[Stored dataset items]
○ ○ ○ ○

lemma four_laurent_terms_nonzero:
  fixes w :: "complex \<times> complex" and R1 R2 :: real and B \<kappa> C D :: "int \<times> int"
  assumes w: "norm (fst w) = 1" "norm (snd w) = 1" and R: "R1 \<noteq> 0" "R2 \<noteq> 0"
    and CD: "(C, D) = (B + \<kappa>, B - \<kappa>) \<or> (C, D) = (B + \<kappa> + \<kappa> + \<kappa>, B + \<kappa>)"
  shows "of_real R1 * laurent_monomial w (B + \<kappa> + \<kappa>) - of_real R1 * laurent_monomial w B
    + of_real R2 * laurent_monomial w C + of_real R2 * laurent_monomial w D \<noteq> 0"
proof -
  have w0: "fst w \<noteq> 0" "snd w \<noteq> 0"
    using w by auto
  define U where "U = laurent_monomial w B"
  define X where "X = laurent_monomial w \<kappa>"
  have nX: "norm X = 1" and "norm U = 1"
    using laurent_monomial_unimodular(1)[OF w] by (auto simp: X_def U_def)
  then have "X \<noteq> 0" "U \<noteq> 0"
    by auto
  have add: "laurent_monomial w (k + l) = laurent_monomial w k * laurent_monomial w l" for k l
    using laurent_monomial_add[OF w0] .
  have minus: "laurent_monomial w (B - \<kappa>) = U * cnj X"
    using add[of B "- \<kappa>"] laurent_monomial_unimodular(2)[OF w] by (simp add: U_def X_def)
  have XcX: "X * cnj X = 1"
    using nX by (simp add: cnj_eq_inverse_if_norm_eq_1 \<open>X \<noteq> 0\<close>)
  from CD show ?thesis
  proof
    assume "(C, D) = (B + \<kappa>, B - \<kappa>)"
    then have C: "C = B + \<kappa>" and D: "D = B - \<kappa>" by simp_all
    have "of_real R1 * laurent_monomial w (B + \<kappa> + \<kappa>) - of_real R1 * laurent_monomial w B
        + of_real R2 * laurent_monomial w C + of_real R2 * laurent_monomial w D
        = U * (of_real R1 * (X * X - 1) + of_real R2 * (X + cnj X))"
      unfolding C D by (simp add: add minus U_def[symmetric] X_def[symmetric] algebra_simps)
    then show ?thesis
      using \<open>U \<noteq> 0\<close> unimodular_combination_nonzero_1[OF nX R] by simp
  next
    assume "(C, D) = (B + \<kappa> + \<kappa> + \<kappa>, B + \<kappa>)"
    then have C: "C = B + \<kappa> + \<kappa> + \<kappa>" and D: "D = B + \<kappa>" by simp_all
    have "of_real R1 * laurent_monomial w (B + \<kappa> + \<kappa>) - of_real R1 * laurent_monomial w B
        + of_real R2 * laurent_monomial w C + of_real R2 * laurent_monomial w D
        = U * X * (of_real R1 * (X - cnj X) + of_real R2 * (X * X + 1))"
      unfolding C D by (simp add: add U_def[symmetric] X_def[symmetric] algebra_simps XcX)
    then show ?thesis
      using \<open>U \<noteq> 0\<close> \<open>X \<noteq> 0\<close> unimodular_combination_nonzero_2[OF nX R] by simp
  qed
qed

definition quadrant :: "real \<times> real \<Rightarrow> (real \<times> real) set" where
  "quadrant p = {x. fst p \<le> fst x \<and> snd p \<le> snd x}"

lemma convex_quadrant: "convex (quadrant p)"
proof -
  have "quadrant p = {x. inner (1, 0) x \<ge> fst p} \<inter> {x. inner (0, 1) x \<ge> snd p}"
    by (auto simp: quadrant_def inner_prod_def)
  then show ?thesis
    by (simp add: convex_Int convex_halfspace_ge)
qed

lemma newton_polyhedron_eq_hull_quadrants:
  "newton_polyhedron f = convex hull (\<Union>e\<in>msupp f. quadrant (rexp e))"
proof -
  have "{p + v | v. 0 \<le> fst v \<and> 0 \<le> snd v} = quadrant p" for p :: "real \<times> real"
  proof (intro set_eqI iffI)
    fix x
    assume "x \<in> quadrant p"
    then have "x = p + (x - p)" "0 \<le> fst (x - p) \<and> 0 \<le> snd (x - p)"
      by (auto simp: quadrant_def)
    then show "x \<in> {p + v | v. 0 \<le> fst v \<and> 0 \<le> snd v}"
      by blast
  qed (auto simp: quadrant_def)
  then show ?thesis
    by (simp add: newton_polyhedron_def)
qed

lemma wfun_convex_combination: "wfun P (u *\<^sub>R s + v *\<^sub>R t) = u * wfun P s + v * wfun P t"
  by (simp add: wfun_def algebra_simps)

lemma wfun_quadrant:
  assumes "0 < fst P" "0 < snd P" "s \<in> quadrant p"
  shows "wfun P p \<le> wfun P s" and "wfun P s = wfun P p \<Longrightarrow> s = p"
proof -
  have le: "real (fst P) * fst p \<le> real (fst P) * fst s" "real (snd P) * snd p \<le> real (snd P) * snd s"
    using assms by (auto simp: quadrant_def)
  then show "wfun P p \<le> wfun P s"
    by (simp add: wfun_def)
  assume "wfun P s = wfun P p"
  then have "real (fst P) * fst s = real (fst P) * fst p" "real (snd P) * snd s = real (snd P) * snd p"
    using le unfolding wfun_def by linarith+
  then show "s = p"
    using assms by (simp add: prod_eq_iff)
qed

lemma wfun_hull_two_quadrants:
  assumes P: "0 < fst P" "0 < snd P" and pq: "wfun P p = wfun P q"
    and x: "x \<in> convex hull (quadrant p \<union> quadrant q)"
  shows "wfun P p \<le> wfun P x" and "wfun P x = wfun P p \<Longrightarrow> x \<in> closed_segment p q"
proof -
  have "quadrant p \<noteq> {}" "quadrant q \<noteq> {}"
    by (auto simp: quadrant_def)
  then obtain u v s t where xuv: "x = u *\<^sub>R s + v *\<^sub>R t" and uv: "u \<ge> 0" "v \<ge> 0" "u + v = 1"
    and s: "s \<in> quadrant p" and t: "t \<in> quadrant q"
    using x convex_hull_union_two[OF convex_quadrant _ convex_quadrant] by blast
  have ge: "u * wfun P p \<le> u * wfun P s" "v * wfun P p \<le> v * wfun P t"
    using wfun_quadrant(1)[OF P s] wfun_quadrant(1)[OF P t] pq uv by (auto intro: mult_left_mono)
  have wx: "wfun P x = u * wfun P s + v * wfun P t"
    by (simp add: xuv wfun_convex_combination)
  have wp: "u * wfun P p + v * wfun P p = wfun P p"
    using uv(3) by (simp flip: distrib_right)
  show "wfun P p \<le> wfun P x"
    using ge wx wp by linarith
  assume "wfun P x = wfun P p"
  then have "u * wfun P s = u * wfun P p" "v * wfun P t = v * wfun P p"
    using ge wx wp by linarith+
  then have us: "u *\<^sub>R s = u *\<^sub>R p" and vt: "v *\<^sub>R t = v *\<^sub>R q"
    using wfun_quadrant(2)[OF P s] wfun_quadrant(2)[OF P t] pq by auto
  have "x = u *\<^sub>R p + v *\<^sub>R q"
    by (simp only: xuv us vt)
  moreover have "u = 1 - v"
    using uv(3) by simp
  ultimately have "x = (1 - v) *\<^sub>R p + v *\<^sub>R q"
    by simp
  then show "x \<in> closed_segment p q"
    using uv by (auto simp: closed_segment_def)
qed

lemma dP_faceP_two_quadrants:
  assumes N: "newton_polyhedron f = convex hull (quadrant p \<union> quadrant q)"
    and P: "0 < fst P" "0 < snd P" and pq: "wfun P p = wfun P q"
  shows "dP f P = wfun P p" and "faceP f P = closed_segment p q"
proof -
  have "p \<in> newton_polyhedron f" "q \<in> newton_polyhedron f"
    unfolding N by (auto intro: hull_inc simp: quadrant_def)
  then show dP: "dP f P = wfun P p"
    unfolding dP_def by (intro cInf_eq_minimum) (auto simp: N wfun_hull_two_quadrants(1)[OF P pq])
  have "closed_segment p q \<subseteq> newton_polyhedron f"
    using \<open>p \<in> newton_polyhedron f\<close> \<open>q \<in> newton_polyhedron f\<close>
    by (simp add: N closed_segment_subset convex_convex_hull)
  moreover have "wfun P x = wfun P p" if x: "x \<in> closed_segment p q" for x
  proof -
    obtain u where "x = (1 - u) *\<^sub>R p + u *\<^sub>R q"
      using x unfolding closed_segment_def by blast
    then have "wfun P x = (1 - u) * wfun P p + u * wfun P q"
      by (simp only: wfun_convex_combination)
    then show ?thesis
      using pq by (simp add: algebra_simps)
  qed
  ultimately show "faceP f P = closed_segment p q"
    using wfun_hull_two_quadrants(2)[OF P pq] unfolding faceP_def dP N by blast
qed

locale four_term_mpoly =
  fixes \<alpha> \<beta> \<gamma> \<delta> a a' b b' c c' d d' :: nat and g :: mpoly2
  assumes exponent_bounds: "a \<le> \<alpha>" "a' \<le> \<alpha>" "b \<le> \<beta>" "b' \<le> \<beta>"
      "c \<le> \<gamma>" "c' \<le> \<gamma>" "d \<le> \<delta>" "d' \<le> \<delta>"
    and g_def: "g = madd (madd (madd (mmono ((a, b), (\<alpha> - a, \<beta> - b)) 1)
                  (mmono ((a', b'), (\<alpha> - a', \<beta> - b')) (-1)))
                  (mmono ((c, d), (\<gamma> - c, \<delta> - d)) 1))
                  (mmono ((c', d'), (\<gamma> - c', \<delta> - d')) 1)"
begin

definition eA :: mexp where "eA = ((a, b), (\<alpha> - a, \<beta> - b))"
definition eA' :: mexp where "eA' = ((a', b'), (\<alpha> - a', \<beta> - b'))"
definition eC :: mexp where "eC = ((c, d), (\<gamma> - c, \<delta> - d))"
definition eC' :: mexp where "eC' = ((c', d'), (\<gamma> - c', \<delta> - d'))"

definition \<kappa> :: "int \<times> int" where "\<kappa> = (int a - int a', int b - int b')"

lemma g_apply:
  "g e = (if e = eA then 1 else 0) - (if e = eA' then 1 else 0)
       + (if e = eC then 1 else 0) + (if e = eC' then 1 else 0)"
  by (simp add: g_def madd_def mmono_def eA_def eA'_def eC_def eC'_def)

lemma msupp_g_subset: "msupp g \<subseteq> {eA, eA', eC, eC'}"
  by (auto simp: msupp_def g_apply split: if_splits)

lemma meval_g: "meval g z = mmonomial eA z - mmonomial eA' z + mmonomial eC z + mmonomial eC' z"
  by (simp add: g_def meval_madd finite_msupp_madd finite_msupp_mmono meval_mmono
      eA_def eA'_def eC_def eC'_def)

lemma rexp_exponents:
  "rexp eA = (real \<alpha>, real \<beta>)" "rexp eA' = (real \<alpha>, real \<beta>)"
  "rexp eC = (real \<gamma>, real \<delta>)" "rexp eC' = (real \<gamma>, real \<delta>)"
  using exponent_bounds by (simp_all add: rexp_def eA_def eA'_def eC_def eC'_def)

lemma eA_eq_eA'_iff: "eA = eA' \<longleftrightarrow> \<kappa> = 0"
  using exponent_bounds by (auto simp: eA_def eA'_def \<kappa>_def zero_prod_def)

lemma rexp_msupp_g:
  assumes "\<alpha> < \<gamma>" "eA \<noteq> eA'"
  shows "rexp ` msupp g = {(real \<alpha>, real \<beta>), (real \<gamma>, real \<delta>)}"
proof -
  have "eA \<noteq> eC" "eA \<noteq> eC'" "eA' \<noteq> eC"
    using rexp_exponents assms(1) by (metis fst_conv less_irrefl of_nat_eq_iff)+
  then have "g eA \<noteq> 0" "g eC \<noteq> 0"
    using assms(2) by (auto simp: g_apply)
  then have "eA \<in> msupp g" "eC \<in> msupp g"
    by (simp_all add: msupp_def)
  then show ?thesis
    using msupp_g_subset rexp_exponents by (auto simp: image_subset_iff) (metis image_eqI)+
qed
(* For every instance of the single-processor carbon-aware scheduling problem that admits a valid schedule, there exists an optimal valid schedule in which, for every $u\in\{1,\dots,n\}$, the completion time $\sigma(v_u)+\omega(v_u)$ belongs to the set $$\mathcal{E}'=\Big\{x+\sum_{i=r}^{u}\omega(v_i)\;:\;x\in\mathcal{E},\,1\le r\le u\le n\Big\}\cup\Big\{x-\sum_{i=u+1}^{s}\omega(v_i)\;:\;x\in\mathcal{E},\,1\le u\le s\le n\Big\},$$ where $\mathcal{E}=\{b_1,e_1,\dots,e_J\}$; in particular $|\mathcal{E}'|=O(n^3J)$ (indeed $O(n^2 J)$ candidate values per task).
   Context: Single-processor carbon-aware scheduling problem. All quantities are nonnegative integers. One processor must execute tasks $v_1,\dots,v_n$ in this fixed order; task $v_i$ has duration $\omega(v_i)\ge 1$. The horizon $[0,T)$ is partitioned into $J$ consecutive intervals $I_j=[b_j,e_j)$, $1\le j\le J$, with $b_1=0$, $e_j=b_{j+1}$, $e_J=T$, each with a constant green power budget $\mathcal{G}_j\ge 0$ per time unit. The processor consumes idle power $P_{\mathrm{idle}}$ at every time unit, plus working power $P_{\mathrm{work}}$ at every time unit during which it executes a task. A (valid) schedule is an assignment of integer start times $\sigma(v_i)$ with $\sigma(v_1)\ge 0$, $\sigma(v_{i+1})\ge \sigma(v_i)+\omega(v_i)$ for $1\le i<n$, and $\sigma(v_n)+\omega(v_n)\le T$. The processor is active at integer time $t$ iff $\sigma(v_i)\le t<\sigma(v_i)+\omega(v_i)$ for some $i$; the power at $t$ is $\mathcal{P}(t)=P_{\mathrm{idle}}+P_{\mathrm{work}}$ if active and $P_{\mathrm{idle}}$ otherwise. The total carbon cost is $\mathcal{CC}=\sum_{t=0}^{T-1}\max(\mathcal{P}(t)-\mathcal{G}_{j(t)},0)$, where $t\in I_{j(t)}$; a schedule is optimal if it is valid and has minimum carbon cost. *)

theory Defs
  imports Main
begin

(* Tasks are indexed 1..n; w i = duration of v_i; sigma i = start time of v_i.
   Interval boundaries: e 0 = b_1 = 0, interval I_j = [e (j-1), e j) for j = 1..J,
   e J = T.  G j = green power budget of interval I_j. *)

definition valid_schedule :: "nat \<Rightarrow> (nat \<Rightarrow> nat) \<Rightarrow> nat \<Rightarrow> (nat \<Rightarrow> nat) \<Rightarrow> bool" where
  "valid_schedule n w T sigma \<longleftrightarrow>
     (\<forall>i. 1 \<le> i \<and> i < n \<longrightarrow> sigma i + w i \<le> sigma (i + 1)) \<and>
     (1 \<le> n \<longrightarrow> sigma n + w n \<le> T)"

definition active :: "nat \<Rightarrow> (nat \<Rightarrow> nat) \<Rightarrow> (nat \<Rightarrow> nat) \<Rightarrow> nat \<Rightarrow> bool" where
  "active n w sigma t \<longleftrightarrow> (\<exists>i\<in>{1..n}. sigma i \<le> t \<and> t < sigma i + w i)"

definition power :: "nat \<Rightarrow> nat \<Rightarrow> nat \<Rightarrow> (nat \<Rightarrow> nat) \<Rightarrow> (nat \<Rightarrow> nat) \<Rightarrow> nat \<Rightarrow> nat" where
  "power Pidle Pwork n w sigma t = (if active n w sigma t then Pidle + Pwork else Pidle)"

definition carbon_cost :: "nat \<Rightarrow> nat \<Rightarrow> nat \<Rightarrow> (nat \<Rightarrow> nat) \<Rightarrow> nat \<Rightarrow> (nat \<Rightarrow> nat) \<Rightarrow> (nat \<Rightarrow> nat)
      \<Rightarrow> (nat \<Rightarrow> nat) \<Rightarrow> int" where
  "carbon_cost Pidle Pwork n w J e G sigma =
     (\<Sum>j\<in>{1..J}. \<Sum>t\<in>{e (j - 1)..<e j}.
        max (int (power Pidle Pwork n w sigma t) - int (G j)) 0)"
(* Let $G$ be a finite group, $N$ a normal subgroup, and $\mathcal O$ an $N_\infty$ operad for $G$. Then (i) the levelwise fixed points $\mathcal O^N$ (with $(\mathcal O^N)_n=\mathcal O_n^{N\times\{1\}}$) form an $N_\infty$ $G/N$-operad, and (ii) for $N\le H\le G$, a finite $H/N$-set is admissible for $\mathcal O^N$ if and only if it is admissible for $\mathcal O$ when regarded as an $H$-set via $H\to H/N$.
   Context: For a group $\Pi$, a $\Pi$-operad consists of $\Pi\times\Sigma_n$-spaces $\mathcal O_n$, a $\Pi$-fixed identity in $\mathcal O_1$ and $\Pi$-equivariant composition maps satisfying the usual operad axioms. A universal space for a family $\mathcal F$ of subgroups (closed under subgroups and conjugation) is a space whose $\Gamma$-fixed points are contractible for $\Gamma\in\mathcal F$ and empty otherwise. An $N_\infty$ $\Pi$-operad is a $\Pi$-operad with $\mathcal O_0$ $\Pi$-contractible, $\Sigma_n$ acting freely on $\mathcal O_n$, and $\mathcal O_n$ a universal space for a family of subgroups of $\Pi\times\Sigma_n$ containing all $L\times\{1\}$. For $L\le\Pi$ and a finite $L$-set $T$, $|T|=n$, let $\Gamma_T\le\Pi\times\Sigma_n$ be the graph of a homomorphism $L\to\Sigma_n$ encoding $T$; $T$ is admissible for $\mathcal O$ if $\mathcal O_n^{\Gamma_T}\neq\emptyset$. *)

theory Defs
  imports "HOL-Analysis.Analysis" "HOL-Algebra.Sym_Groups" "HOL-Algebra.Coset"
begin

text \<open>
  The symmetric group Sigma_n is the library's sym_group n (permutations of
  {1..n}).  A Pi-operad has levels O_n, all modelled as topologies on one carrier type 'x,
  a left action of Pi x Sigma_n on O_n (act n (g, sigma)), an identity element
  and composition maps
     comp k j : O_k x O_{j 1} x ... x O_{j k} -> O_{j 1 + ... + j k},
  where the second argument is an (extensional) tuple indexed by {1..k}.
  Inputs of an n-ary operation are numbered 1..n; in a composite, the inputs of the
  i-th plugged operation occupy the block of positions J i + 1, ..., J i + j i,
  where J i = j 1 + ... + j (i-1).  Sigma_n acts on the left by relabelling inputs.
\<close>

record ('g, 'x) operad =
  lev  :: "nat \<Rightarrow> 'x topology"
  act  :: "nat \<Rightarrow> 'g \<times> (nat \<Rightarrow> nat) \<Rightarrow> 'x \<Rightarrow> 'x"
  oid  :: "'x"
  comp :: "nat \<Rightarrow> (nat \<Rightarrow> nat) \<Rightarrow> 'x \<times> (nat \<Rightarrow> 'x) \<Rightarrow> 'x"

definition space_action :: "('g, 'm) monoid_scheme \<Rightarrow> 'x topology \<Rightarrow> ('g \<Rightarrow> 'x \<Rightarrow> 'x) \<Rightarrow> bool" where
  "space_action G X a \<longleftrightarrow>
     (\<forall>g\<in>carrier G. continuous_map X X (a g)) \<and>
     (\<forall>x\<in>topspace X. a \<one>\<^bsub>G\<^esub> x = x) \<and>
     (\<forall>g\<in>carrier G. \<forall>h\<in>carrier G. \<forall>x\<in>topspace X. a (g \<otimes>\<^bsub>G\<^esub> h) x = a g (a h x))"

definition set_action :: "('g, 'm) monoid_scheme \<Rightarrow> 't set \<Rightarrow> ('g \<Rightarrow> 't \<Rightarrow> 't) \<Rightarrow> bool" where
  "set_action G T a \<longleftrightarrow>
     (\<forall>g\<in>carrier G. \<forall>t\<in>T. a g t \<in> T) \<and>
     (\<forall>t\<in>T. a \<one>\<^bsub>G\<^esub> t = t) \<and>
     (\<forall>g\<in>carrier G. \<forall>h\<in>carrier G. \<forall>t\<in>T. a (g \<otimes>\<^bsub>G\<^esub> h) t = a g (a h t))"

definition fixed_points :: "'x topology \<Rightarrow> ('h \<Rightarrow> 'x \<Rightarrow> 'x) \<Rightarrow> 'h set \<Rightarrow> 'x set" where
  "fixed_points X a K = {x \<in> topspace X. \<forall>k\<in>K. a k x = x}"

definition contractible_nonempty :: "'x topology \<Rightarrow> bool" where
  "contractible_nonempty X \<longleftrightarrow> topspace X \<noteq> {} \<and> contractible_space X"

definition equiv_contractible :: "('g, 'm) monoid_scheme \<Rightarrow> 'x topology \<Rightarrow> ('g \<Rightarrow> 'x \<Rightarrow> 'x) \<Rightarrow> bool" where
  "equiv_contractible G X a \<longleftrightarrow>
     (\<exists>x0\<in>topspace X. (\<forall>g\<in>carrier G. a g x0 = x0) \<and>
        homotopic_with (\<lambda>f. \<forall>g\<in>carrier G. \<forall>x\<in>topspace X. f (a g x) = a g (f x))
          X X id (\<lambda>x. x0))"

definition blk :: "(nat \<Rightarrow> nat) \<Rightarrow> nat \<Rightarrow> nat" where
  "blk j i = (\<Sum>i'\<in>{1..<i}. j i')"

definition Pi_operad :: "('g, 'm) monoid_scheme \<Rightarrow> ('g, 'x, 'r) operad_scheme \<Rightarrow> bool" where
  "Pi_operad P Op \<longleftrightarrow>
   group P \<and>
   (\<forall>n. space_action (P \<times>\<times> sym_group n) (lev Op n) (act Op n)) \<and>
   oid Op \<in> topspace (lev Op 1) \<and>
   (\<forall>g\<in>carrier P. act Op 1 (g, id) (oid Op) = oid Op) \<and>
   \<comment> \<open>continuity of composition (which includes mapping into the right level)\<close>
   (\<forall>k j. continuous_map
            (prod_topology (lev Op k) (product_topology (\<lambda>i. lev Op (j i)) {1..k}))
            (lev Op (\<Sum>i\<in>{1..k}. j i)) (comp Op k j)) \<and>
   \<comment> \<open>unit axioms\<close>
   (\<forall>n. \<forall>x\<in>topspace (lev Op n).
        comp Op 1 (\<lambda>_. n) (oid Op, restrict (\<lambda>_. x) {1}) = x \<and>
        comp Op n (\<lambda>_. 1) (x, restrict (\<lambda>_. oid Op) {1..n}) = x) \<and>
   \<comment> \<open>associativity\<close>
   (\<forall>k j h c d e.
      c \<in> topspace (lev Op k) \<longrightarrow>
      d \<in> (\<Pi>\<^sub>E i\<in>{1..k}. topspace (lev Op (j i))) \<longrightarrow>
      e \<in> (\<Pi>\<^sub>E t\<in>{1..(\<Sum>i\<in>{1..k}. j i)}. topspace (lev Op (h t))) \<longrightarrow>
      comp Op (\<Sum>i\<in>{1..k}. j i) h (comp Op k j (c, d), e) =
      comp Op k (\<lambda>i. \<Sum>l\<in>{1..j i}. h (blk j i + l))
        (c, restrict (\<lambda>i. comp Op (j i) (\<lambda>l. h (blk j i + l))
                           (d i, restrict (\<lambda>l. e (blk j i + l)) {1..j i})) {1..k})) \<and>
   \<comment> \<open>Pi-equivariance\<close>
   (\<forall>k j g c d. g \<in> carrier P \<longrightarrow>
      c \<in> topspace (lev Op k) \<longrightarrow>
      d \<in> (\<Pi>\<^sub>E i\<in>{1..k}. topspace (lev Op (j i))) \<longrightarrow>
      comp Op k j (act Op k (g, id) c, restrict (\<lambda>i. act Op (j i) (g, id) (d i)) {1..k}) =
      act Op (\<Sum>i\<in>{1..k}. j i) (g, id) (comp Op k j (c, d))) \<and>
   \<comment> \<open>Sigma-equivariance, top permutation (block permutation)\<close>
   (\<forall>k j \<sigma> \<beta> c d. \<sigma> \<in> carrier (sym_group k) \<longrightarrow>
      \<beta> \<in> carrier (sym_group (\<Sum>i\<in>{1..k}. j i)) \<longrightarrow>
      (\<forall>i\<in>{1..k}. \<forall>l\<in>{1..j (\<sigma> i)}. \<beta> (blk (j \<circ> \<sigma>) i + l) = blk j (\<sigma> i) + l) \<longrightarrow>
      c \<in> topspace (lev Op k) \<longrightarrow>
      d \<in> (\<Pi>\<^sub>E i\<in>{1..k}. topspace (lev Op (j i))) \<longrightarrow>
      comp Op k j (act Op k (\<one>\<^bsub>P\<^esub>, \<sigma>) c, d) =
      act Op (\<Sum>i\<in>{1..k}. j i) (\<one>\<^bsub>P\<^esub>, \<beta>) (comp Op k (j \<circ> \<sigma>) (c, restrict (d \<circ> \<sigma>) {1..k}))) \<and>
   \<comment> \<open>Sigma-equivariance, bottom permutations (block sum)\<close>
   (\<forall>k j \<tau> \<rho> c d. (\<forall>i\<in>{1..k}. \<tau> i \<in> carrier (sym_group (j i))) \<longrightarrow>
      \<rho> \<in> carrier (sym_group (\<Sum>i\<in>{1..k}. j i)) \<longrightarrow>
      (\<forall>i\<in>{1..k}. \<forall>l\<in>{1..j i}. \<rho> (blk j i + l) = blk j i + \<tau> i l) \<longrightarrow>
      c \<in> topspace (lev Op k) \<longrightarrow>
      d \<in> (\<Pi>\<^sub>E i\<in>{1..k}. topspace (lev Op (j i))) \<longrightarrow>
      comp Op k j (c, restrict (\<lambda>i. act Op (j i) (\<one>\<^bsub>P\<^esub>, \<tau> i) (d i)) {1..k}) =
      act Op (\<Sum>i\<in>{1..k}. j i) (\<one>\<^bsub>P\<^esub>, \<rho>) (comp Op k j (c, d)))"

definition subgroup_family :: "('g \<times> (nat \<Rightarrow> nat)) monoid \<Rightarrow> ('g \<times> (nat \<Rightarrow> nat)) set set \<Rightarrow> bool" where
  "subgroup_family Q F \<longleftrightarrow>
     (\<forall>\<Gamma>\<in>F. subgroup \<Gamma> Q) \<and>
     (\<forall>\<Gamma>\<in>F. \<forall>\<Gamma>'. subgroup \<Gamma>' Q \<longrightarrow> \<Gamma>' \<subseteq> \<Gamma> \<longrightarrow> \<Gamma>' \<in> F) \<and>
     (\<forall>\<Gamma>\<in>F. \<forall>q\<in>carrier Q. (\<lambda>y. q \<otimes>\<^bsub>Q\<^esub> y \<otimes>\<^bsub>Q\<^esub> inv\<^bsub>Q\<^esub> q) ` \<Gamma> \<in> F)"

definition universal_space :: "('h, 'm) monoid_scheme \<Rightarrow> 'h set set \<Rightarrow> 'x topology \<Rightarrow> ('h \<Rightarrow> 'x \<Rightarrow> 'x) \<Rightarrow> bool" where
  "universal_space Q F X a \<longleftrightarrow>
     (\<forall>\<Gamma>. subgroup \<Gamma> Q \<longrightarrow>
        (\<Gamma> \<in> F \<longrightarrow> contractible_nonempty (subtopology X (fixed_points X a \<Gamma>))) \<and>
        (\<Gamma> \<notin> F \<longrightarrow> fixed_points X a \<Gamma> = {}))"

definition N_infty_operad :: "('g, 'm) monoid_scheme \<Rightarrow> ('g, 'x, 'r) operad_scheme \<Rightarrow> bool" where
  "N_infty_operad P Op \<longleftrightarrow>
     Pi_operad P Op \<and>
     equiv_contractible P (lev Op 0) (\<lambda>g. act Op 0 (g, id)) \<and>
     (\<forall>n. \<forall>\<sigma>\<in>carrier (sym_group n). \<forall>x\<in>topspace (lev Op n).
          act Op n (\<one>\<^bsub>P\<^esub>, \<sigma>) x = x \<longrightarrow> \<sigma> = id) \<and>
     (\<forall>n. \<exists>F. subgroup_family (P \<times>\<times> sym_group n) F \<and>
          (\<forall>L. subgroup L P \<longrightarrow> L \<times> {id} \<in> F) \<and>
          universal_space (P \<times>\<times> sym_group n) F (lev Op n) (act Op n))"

○ ○ ○ ○

■ Your instructions ■
Quote the data above from the line containing "- u) * wfun" to the line containing "(mmono ((c, d), (\<gamma>", inclusive, and stop.

■ Answer to the exercise ■
    then have "wfun P x = (1 - u) * wfun P p + u * wfun P q"
      by (simp only: wfun_convex_combination)
    then show ?thesis
      using pq by (simp add: algebra_simps)
  qed
  ultimately show "faceP f P = closed_segment p q"
    using wfun_hull_two_quadrants(2)[OF P pq] unfolding faceP_def dP N by blast
qed

locale four_term_mpoly =
  fixes \<alpha> \<beta> \<gamma> \<delta> a a' b b' c c' d d' :: nat and g :: mpoly2
  assumes exponent_bounds: "a \<le> \<alpha>" "a' \<le> \<alpha>" "b \<le> \<beta>" "b' \<le> \<beta>"
      "c \<le> \<gamma>" "c' \<le> \<gamma>" "d \<le> \<delta>" "d' \<le> \<delta>"
    and g_def: "g = madd (madd (madd (mmono ((a, b), (\<alpha> - a, \<beta> - b)) 1)
                  (mmono ((a', b'), (\<alpha> - a', \<beta> - b')) (-1)))
                  (mmono ((c, d), (\<gamma> - c, \<delta> - d)) 1))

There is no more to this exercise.